Alibaba estimates that the trading platform has helped create 2.67 million jobs directly through business growth, as well as indirect job formation through their collaboration with logistics companies and other partners. As a part of its efforts to understand the impact of the ecommerce model, Alibaba tracks “TaoBao Villages," which are rural villages where nearly all households are using the TaoBao platform in come capacity. The benefits seen include:

  • Providing low income, remote and other populations access to broader range of goods and services at lower wholesale and retail prices;
  • Providing small scale producers with new sales channels; and
  • Reducing operational and startup costs for micro and small businesses.

Photo Credit: Francis Minien

Acknowledged as a key driver of the group’s success, Alipay is Alibaba’s third-party online payment platform, linked with 108 partner banks in China and players like VISA and Western Union around the world.

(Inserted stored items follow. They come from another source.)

lemma inj_fixing_with_coinfinite_range:
  assumes "coinfinite A"
  obtains v :: "nat \<Rightarrow> nat" where "inj v" "\<And>i. i \<in> A \<Longrightarrow> v i = i" "coinfinite (range v)"
proof -
  obtain P Q where PQ: "P \<subseteq> - A" "Q \<subseteq> - A" "infinite P" "infinite Q" "P \<inter> Q = {}"
    using infinite_split assms unfolding coinfinite_iff_infinite_Compl by metis
  define v where "v = (\<lambda>i. if i \<in> A then id i else enumerate P i)"
  have "inj v"
    unfolding v_def using PQ by (intro inj_piecewise_enumerate) auto
  moreover have "range v \<subseteq> A \<union> P"
    using enumerate_in_set[OF PQ(3)] by (auto simp: v_def)
  then have "Q \<subseteq> - range v"
    using PQ by blast
  then have "coinfinite (range v)"
    using PQ(4) unfolding coinfinite_iff_infinite_Compl by (rule infinite_super)
  ultimately show ?thesis
    using that by (simp add: v_def)
qed

lemma infinite_subset_coinfinite_Un:
  fixes W :: "nat set"
  assumes "infinite W" "coinfinite A"
  obtains Q where "Q \<subseteq> W" "infinite Q" "coinfinite (A \<union> Q)"
proof (cases "finite (W \<inter> A)")
  case True
  then have "infinite (W - A)"
    using assms(1) by (metis Int_Diff_Un finite_Un)
  then obtain P Q where PQ: "P \<subseteq> W - A" "Q \<subseteq> W - A" "infinite P" "infinite Q" "P \<inter> Q = {}"
    by (rule infinite_split)
  then have "Q \<subseteq> - (A \<union> P)"
    by blast
  then have "coinfinite (A \<union> P)"
    using PQ(4) unfolding coinfinite_iff_infinite_Compl by (rule infinite_super)
  then show ?thesis
    using PQ that by blast
next
  case False
  then show ?thesis
    using assms(2) that[of "W \<inter> A"] by (simp add: Un_absorb2)
qed

lemma em_sset_act_closed: "em_sset X sm act \<Longrightarrow> EMtuple n u \<Longrightarrow> x \<in> X n \<Longrightarrow> act n u x \<in> X n"
  unfolding em_sset_def by blast

lemma em_sset_act_comp:
  "em_sset X sm act \<Longrightarrow> EMtuple n u \<Longrightarrow> EMtuple n v \<Longrightarrow> x \<in> X n \<Longrightarrow>
    act n (\<lambda>k. u k \<circ> v k) x = act n u (act n v x)"
  unfolding em_sset_def by blast

lemma em_sset_sm_closed: "em_sset X sm act \<Longrightarrow> simp_op m n f \<Longrightarrow> x \<in> X n \<Longrightarrow> sm m n f x \<in> X m"
  unfolding em_sset_def by (elim conjE) blast

lemma em_sset_sm_act:
  "em_sset X sm act \<Longrightarrow> simp_op m n f \<Longrightarrow> EMtuple n u \<Longrightarrow> x \<in> X n \<Longrightarrow>
    sm m n f (act n u x) = act m (\<lambda>j. u (f j)) (sm m n f x)"
  unfolding em_sset_def by blast

lemma em_sset_prod_subset:
  assumes "em_sset X smX aX" "em_sset Y smY aY" "\<And>n. S n \<subseteq> X n \<times> Y n"
    and "\<And>m n f p. simp_op m n f \<Longrightarrow> p \<in> S n \<Longrightarrow> prod_sm smX smY m n f p \<in> S m"
    and "\<And>n u p. EMtuple n u \<Longrightarrow> p \<in> S n \<Longrightarrow> prod_act aX aY n u p \<in> S n"
  shows "em_sset S (prod_sm smX smY) (prod_act aX aY)"
  using assms unfolding em_sset_def prod_sm_def prod_act_def
  by (simp add: subset_iff mem_Times_iff)

lemma EMtuple_incl_k: "inj u \<Longrightarrow> EMtuple n (incl_k k u)"
  by (simp add: EMtuple_def incl_k_def)

lemma act_incl_k_comp:
  assumes "em_sset X sm act" "x \<in> X n" "inj u" "inj v"
  shows "act n (incl_k k (u \<circ> v)) x = act n (incl_k k u) (act n (incl_k k v) x)"
proof -
  have "incl_k k (u \<circ> v) = (\<lambda>j. incl_k k u j \<circ> incl_k k v j)"
    by (auto simp: incl_k_def)
  then show ?thesis
    using em_sset_act_comp[OF assms(1) EMtuple_incl_k[OF assms(3)] EMtuple_incl_k[OF assms(4)] assms(2)]
    by simp
qed

section \<open>Supports\<close>

lemma supported_mono: "supported act n x k A \<Longrightarrow> A \<subseteq> B \<Longrightarrow> supported act n x k B"
  unfolding supported_def by blast

lemma supported_prod_act_iff:
  "supported (prod_act aX aY) n p k A \<longleftrightarrow> supported aX n (fst p) k A \<and> supported aY n (snd p) k A"
  unfolding supported_def prod_act_def by (auto simp: prod_eq_iff)
(* Let $N\ge1$, let $\mathcal{ZF}_N$ be as in the context, and let $\mathcal B_N$ be the quotient of the free $\Bbbk$-module on symbols $\bar b_0,\dots,\bar b_{N-1}$ by the submodule generated by $\bar b_i-\bar b_{N-1-i}$, $0\le i\le N-1$. Then the assignment $Z^{l,m,k}\mapsto\sum_{j=0}^k\binom kj\bar b_{l+j}$ extends to a well-defined isomorphism of $\Bbbk$-modules $\mathcal{ZF}_N\xrightarrow{\ \sim\ }\mathcal B_N$.
   Context: $\Bbbk$ is a commutative ring. $\mathcal F_N$ is the free $\Bbbk$-module on symbols $F^{l,m,k}$, $l,m,k\ge0$, $l+m+k+1=N$; $\mathcal{ZF}_N:=\mathcal F_N/I$ with $I$ generated by all $F^{l,m,k}-F^{m,l,k}$ and all $F^{l,m+1,k}+F^{l+1,m,k}-F^{l,m,k+1}$; $Z^{l,m,k}$ denotes the image of $F^{l,m,k}$. *)

theory Defs
  imports Main "HOL-Library.Function_Algebras"
begin

text \<open>Free k-modules on a set of symbols are modelled as functions from symbols to k
  vanishing outside the symbol set; the basis vector of a symbol is delta.\<close>

definition delta :: "'a \<Rightarrow> ('a \<Rightarrow> 'k::comm_ring_1)" where
  "delta a = (\<lambda>x. if x = a then 1 else 0)"

definition fscale :: "'k::comm_ring_1 \<Rightarrow> ('a \<Rightarrow> 'k) \<Rightarrow> ('a \<Rightarrow> 'k)" where
  "fscale c f = (\<lambda>x. c * f x)"

definition gen_submod :: "('a \<Rightarrow> 'k::comm_ring_1) set \<Rightarrow> ('a \<Rightarrow> 'k) set" where
  "gen_submod S = {(\<Sum>a\<in>T. fscale (r a) a) | T r. finite T \<and> T \<subseteq> S}"

definition coset :: "'b::plus \<Rightarrow> 'b set \<Rightarrow> 'b set" where
  "coset x A = (\<lambda>a. x + a) ` A"

definition idxF :: "nat \<Rightarrow> (nat \<times> nat \<times> nat) set" where
  "idxF N = {(l,m,k). l + m + k + 1 = N}"

definition freeF :: "nat \<Rightarrow> (nat \<times> nat \<times> nat \<Rightarrow> 'k::comm_ring_1) set" where
  "freeF N = {f. \<forall>t. t \<notin> idxF N \<longrightarrow> f t = 0}"

definition freeB :: "nat \<Rightarrow> (nat \<Rightarrow> 'k::comm_ring_1) set" where
  "freeB N = {g. \<forall>i. N \<le> i \<longrightarrow> g i = 0}"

The company served more than 800 million registered users as of the end of 2012, processing nearly one million transactions per day. Initially, Alipay provided a breakthrough payment service for Taobao called “escrow”, which allows consumers to verify whether they are happy with goods before releasing money to the seller. This has been a significant advantage to the service as China's weak consumer protection laws reduce consumer confidence. Consumer protection and transparency in vendor ratings are hallmarks of the system, which has built a very loyal group of active (approximately 50%) users.

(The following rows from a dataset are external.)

lemma jb_measurable [measurable]: "jb \<in> borel_measurable borel"
  unfolding jb_def by (intro borel_measurable_continuous_onI continuous_intros)

section \<open>Sums of inverse powers\<close>

lemma powr_succ_diff_ge:
  fixes q N :: real
  assumes q: "0 < q" "q < 1" and N: "N \<ge> 0"
  shows "q * (N + 1) powr (q - 1) \<le> (N + 1) powr q - N powr q"
proof (cases "N = 0")
  case True
  then show ?thesis using q by simp
next
  case False
  hence N: "N > 0" using N by simp
  have "\<exists>z. N < z \<and> z < N + 1 \<and> (N + 1) powr q - N powr q = ((N + 1) - N) * (q * z powr (q - 1))"
    by (rule MVT2) (use N in \<open>auto intro!: has_real_derivative_powr\<close>)
  then obtain z where z: "N < z" "z < N + 1" "(N + 1) powr q - N powr q = q * z powr (q - 1)"
    by auto
  have "(N + 1) powr (q - 1) \<le> z powr (q - 1)"
    using z N q by (intro powr_mono2') auto
  then show ?thesis using z q by simp
qed

lemma sum_powr_neg_le:
  fixes p :: real
  assumes p: "0 < p" "p < 1"
  shows "(\<Sum>j=1..n. real j powr (- p)) \<le> real n powr (1 - p) / (1 - p)"
proof (induction n)
  case 0
  then show ?case by simp
next
  case (Suc n)
  have "(1 - p) * real (Suc n) powr (- p) \<le> real (Suc n) powr (1 - p) - real n powr (1 - p)"
    using powr_succ_diff_ge[of "1 - p" "real n"] p by (simp add: add.commute)
  hence "real (Suc n) powr (- p) \<le> (real (Suc n) powr (1 - p) - real n powr (1 - p)) / (1 - p)"
    using p by (simp add: pos_le_divide_eq mult.commute)
  with Suc show ?case by (simp add: diff_divide_distrib)
qed

lemma sum_jb_powr_inj_le:
  fixes S :: "int set" and d :: "int \<Rightarrow> nat"
  assumes S: "finite S" and inj: "inj_on d S" and p: "p > 0"
    and dT: "\<And>n. n \<in> S \<Longrightarrow> real (d n) \<le> T"
    and d: "\<And>n. n \<in> S \<Longrightarrow> real (d n) \<le> \<bar>\<tau> - real_of_int n\<bar>"
  shows "(\<Sum>n\<in>S. jb (\<tau> - real_of_int n) powr (- p)) \<le> 2 powr p * (\<Sum>j=1..nat \<lfloor>T\<rfloor> + 1. real j powr (- p))"
proof -
  have jb: "jb (\<tau> - real_of_int n) powr (- p) \<le> 2 powr p * (1 + real (d n)) powr (- p)" if "n \<in> S" for n
  proof -
    have "1 + real (d n) \<le> 2 * jb (\<tau> - real_of_int n)"
      using d[OF that] jb_ge_1[of "\<tau> - real_of_int n"] abs_le_jb[of "\<tau> - real_of_int n"] by linarith
    hence "(1 + real (d n)) / 2 \<le> jb (\<tau> - real_of_int n)" by simp
    hence "jb (\<tau> - real_of_int n) powr (- p) \<le> ((1 + real (d n)) / 2) powr (- p)"
      using p by (intro powr_mono2') auto
    thus ?thesis by (simp add: powr_divide powr_minus divide_simps)
  qed
  have img: "d ` S \<subseteq> {0..nat \<lfloor>T\<rfloor>}"
    using dT by (force simp: le_nat_iff le_floor_iff)
  have "(\<Sum>n\<in>S. jb (\<tau> - real_of_int n) powr (- p)) \<le> (\<Sum>n\<in>S. 2 powr p * (1 + real (d n)) powr (- p))"
    by (intro sum_mono jb)
  also have "\<dots> = 2 powr p * (\<Sum>i\<in>d ` S. (1 + real i) powr (- p))"
    by (simp add: sum_distrib_left sum.reindex[OF inj])
  also have "(\<Sum>i\<in>d ` S. (1 + real i) powr (- p)) \<le> (\<Sum>i=0..nat \<lfloor>T\<rfloor>. (1 + real i) powr (- p))"
    by (intro sum_mono2 img) auto
  also have "\<dots> = (\<Sum>j=1..nat \<lfloor>T\<rfloor> + 1. real j powr (- p))"
    using sum.shift_bounds_cl_Suc_ivl[of "\<lambda>j. real j powr (- p)" 0 "nat \<lfloor>T\<rfloor>"] by (simp add: add.commute)
  finally show ?thesis by (simp add: mult_left_mono)
qed

lemma finite_int_near: "finite {n::int. \<bar>\<tau> - real_of_int n\<bar> \<le> T}"
proof (rule finite_subset)
  show "{n::int. \<bar>\<tau> - real_of_int n\<bar> \<le> T} \<subseteq> {\<lceil>\<tau> - T\<rceil>..\<lfloor>\<tau> + T\<rfloor>}"
    by (auto simp: ceiling_le_iff le_floor_iff abs_le_iff)
qed auto

lemma sum_jb_powr_near_le:
  fixes p T \<tau> :: real
  assumes p: "0 < p" "p < 1" and T: "T \<ge> 1"
  shows "(\<Sum>n | \<bar>\<tau> - real_of_int n\<bar> \<le> T. jb (\<tau> - real_of_int n) powr (- p)) \<le> 4 * T powr (1 - p) / (1 - p)"
proof -
  define S where "S = {n::int. \<bar>\<tau> - real_of_int n\<bar> \<le> T}"
  define n0 where "n0 = \<lfloor>\<tau>\<rfloor>"
  define h where "h n = jb (\<tau> - real_of_int n) powr (- p)" for n
  define B where "B = 2 powr p * (\<Sum>j=1..nat \<lfloor>T\<rfloor> + 1. real j powr (- p))"
  have S: "finite S" unfolding S_def by (rule finite_int_near)
  have below: "(\<Sum>n\<in>S \<inter> {..n0}. h n) \<le> B"
    unfolding B_def h_def
  proof (rule sum_jb_powr_inj_le[where d = "\<lambda>n. nat (n0 - n)"])
    fix n assume n: "n \<in> S \<inter> {..n0}"
    have "real_of_int n0 \<le> \<tau>" unfolding n0_def by simp
    with n show "real (nat (n0 - n)) \<le> T" "real (nat (n0 - n)) \<le> \<bar>\<tau> - real_of_int n\<bar>"
      by (auto simp: S_def)
  qed (use S p in \<open>auto simp: inj_on_def\<close>)
  have above: "(\<Sum>n\<in>S - {..n0}. h n) \<le> B"
    unfolding B_def h_def
  proof (rule sum_jb_powr_inj_le[where d = "\<lambda>n. nat (n - n0 - 1)"])
    fix n assume n: "n \<in> S - {..n0}"
    have "\<tau> < real_of_int n0 + 1" unfolding n0_def by linarith
    with n show "real (nat (n - n0 - 1)) \<le> T" "real (nat (n - n0 - 1)) \<le> \<bar>\<tau> - real_of_int n\<bar>"
      by (auto simp: S_def)
  qed (use S p in \<open>auto simp: inj_on_def\<close>)
  have "(\<Sum>j=1..nat \<lfloor>T\<rfloor> + 1. real j powr (- p)) \<le> real (nat \<lfloor>T\<rfloor> + 1) powr (1 - p) / (1 - p)"
    by (rule sum_powr_neg_le) (use p in auto)
  also have "\<dots> \<le> (2 * T) powr (1 - p) / (1 - p)"
  proof -
    have "real (nat \<lfloor>T\<rfloor> + 1) \<le> 2 * T" using T by linarith
    thus ?thesis using p T by (intro divide_right_mono powr_mono2) auto
  qed
  also have "\<dots> = 2 powr (1 - p) * T powr (1 - p) / (1 - p)"
    using T by (simp add: powr_mult)
  finally have "B \<le> 2 powr p * (2 powr (1 - p) * T powr (1 - p) / (1 - p))"
    unfolding B_def by (intro mult_left_mono) auto
  also have "\<dots> = 2 * T powr (1 - p) / (1 - p)"
    by (simp add: powr_add[symmetric])
  finally have "B \<le> 2 * T powr (1 - p) / (1 - p)" .
  moreover have "(\<Sum>n\<in>S. h n) = (\<Sum>n\<in>S \<inter> {..n0}. h n) + (\<Sum>n\<in>S - {..n0}. h n)"
    using S by (rule sum.Int_Diff)
  ultimately show ?thesis using below above unfolding S_def h_def by simp
qed
lemma nn_integral_stop_index_change_param:
  assumes "0 < p" "p < 1" "0 \<le> q" "q \<le> 1"
    and finite_p: "AE \<omega> in bf_space p. stop_time \<tau> \<omega> \<noteq> \<infinity>"
    and finite_q: "AE \<omega> in bf_space q. stop_time \<tau> \<omega> \<noteq> \<infinity>"
    and \<phi>: "\<And>m. \<phi> m \<in> borel_measurable (PiM {..<m} (\<lambda>_. bf_step p))"
  shows "(\<integral>\<^sup>+\<omega>. \<phi> (stop_index \<omega>) (restrict \<omega> {..<stop_index \<omega>}) \<partial>bf_space q) =
         (\<integral>\<^sup>+\<omega>. \<phi> (stop_index \<omega>) (restrict \<omega> {..<stop_index \<omega>}) * lr_prod q p (stop_index \<omega>) \<omega> \<partial>bf_space p)"
proof -
  have "(\<integral>\<^sup>+\<omega>. \<phi> (stop_index \<omega>) (restrict \<omega> {..<stop_index \<omega>}) \<partial>bf_space q) =
      (\<integral>\<^sup>+\<omega>. stopped \<phi> \<omega> \<partial>bf_space q)"
    using finite_q by (intro nn_integral_cong_AE) (auto simp: stopped_eq)
  also have "\<dots> = (\<integral>\<^sup>+\<omega>. stopped (\<lambda>m x. \<phi> m x * lr_prod q p m x) \<omega> \<partial>bf_space p)"
    by (rule nn_integral_stopped_change_param[OF assms(1-4) \<phi>])
  also have "\<dots> = (\<integral>\<^sup>+\<omega>. \<phi> (stop_index \<omega>) (restrict \<omega> {..<stop_index \<omega>}) * lr_prod q p (stop_index \<omega>) \<omega> \<partial>bf_space p)"
    using finite_p by (intro nn_integral_cong_AE) (auto simp: stopped_eq lr_prod_restrict)
  finally show ?thesis .
qed

lemma nn_integral_fun_stop_index:
  assumes "AE \<omega> in bf_space p. stop_time \<tau> \<omega> \<noteq> \<infinity>"
  shows "(\<integral>\<^sup>+\<omega>. g (stop_index \<omega>) \<partial>bf_space p) = (\<Sum>m. g m * emeasure (bf_space p) {\<omega>. stop_time \<tau> \<omega> = enat m})"
proof -
  have "(\<integral>\<^sup>+\<omega>. g (stop_index \<omega>) \<partial>bf_space p) = (\<integral>\<^sup>+\<omega>. stopped (\<lambda>m _. g m) \<omega> \<partial>bf_space p)"
    using assms by (intro nn_integral_cong_AE) (auto simp: stopped_eq)
  also have "\<dots> = (\<Sum>m. \<integral>\<^sup>+\<omega>. g m * indicator {\<omega>. stop_time \<tau> \<omega> = enat m} \<omega> \<partial>bf_space p)"
    by (subst nn_integral_stopped) (auto simp: stop_time_eq_enat_iff indicator_def intro!: suminf_cong nn_integral_cong)
  also have "\<dots> = (\<Sum>m. g m * emeasure (bf_space p) {\<omega>. stop_time \<tau> \<omega> = enat m})"
    using sets_stop_time_eq_enat by (simp add: nn_integral_cmult_indicator)
  finally show ?thesis .
qed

While Alipay’s online payments still dominate (80%), mobile payments grew from 10 to 20% of total transactions last year. And while big cities topped in spending, underdeveloped regions experienced the fastest growth, as tier 4 cities grew 64% in online payment users. People can use Alipay to pay:

  • Utilities (water, electricity, gas, etc.)
  • Medical insurance use at hospitals
  • Airtime
  • Goods and Services
  • Credit card repayment
  • Charitable donations to NGOs
  • Microloans
  • Wealth management products.

On June 14, 2013, Alipay launched an upgrade to its mobile application, the “Alipay Wallet," that allows subscribers to invest money through its “Yuebao” product into a money market fund managed by Tian Hong Asset Management with a 3.8 percent annual return, much higher than earnings on a deposit account. Subscribers are still allowed to use their money in the fund to purchase on Taobao or pay bills through Alipay. The interest rate and flexibility immediately attracted one million users in just one week, often transacting in very small amounts. By the end of June, the company claimed 2.5 million users, with more than 57% accessing the service through smart phones.

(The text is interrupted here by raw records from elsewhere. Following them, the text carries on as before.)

lemma unit_sphere_on_generator_line:
  assumes k: "k < m"
  shows "wedge_sum w = 1 \<and> cross w (z k) = 0 \<longleftrightarrow> w = vertex k \<or> w = - vertex k"
proof -
  define \<tau> where "\<tau> = inverse (wedge_sum (z k))"
  have pos: "0 < wedge_sum (z k)"
    using k by (rule wedge_sum_generator_pos)
  have "wedge_sum w = 1 \<and> cross w (z k) = 0 \<longleftrightarrow> (\<exists>c. w = of_real c * z k \<and> \<bar>c\<bar> = \<tau>)"
  proof
    assume "wedge_sum w = 1 \<and> cross w (z k) = 0"
    moreover obtain c where "w = of_real c * z k"
      using generators_nonzero k calculation by (metis cross_eq_0_imp_parallel)
    ultimately show "\<exists>c. w = of_real c * z k \<and> \<bar>c\<bar> = \<tau>"
      using pos by (auto simp: \<tau>_def wedge_sum_of_real_mult field_simps)
  qed (use pos in \<open>auto simp: \<tau>_def wedge_sum_of_real_mult\<close>)
  also have "\<dots> \<longleftrightarrow> w = of_real \<tau> * z k \<or> w = of_real (- \<tau>) * z k"
    unfolding abs_eq_iff' using pos by (auto simp: \<tau>_def simp del: of_real_minus of_real_inverse)
  finally show ?thesis
    by (simp add: vertex_def \<tau>_def)
qed

lemma extreme_points_wedge_ball: "{w. w extreme_point_of wedge_ball} = vertices"
proof -
  have "w extreme_point_of wedge_ball \<longleftrightarrow> (\<exists>k<m. w = vertex k \<or> w = - vertex k)" for w
    using extreme_point_of_wedge_ball_iff[OF generators_nonzero] unit_sphere_on_generator_line
    by blast
  then show ?thesis
    by (auto simp: vertices_def)
qed
(* Let $l>0$ and let $a\in L^\infty(-l,l)$ be an odd function. Let $b\in W^{1,\infty}(-l,l)$ be a primitive of $a$ ($b'=a$ a.e.), set $b_1:=\min_{0\le x\le l}b(x)$, $b_2:=\max_{0\le x\le l}b(x)$, $b_0:=b_2-b_1$, $B_i:=\{x\in[0,l]:\ b(x)=b_i\}$ ($i=1,2$), and assume $\max_{x\in B_1}x<\min_{y\in B_2}y$. For $p>0$ let $\lambda_1(p)>0$ be the principal eigenvalue of $$-u''+p\,a(x)u'=\lambda u\ \ (-l<x<l),\qquad u(-l)=u(l)=0,\qquad u>0\text{ on }(-l,l).$$ Then $$\lim_{p\to\infty}\frac1p\log\frac1{\lambda_1(p)}=b_0 .$$ Equivalently, for every $\varepsilon\in(0,b_0)$ there exists $p_0>0$ such that $e^{-p(b_0+\varepsilon)}\le\lambda_1(p)\le e^{-p(b_0-\varepsilon)}$ for all $p\ge p_0$. *)

theory Defs
  imports "HOL-Analysis.Analysis"
begin

text \<open>Strong (W^{2,1}) solutions of the Dirichlet problem
  -u'' + p a(x) u' = lam u on (-l,l), u(-l) = u(l) = 0, u > 0 on (-l,l).
  u is C^1 on [-l,l] with derivative u', and u' is absolutely continuous with
  a.e. derivative u'' (i.e. u' is the indefinite integral of an L^1 function u''),
  and the equation holds almost everywhere.\<close>
definition positive_eigenpair ::
  "(real \<Rightarrow> real) \<Rightarrow> real \<Rightarrow> real \<Rightarrow> real \<Rightarrow> (real \<Rightarrow> real) \<Rightarrow> bool" where
  "positive_eigenpair a l p lam u \<longleftrightarrow>
     (\<exists>u' u''.
        (\<forall>x\<in>{-l..l}. (u has_real_derivative u' x) (at x within {-l..l})) \<and>
        u'' absolutely_integrable_on {-l..l} \<and>
        (\<forall>x\<in>{-l..l}. u' x = u' (-l) + integral {-l..x} u'') \<and>
        (AE x in lborel. x \<in> {-l<..<l} \<longrightarrow> - u'' x + p * a x * u' x = lam * u x)) \<and>
     u (-l) = 0 \<and> u l = 0 \<and> (\<forall>x\<in>{-l<..<l}. u x > 0)"

definition principal_eigenvalue :: "(real \<Rightarrow> real) \<Rightarrow> real \<Rightarrow> real \<Rightarrow> real" where
  "principal_eigenvalue a l p = (THE lam. \<exists>u. positive_eigenpair a l p lam u)"

end

theory Submission
  imports Defs
begin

Microfinance Meets Ecommerce – the Role of Big Data

The TaoBao platform has 16 million participating vendor businesses, nearly 90% of which are small and microenterprises with difficulty accessing finance to fuel their growth. AliFinance was established in 2011 to provide loans to vendors on the Taobao and Alibaba platforms. Alibaba has built its own credit scoring model based on online activity, using big data to understand client behaviors and characteristics and offer responsive financial services, overturning traditional banking models and leveraging the group’s cloud computing services to keep response time to customers fast and operational costs low.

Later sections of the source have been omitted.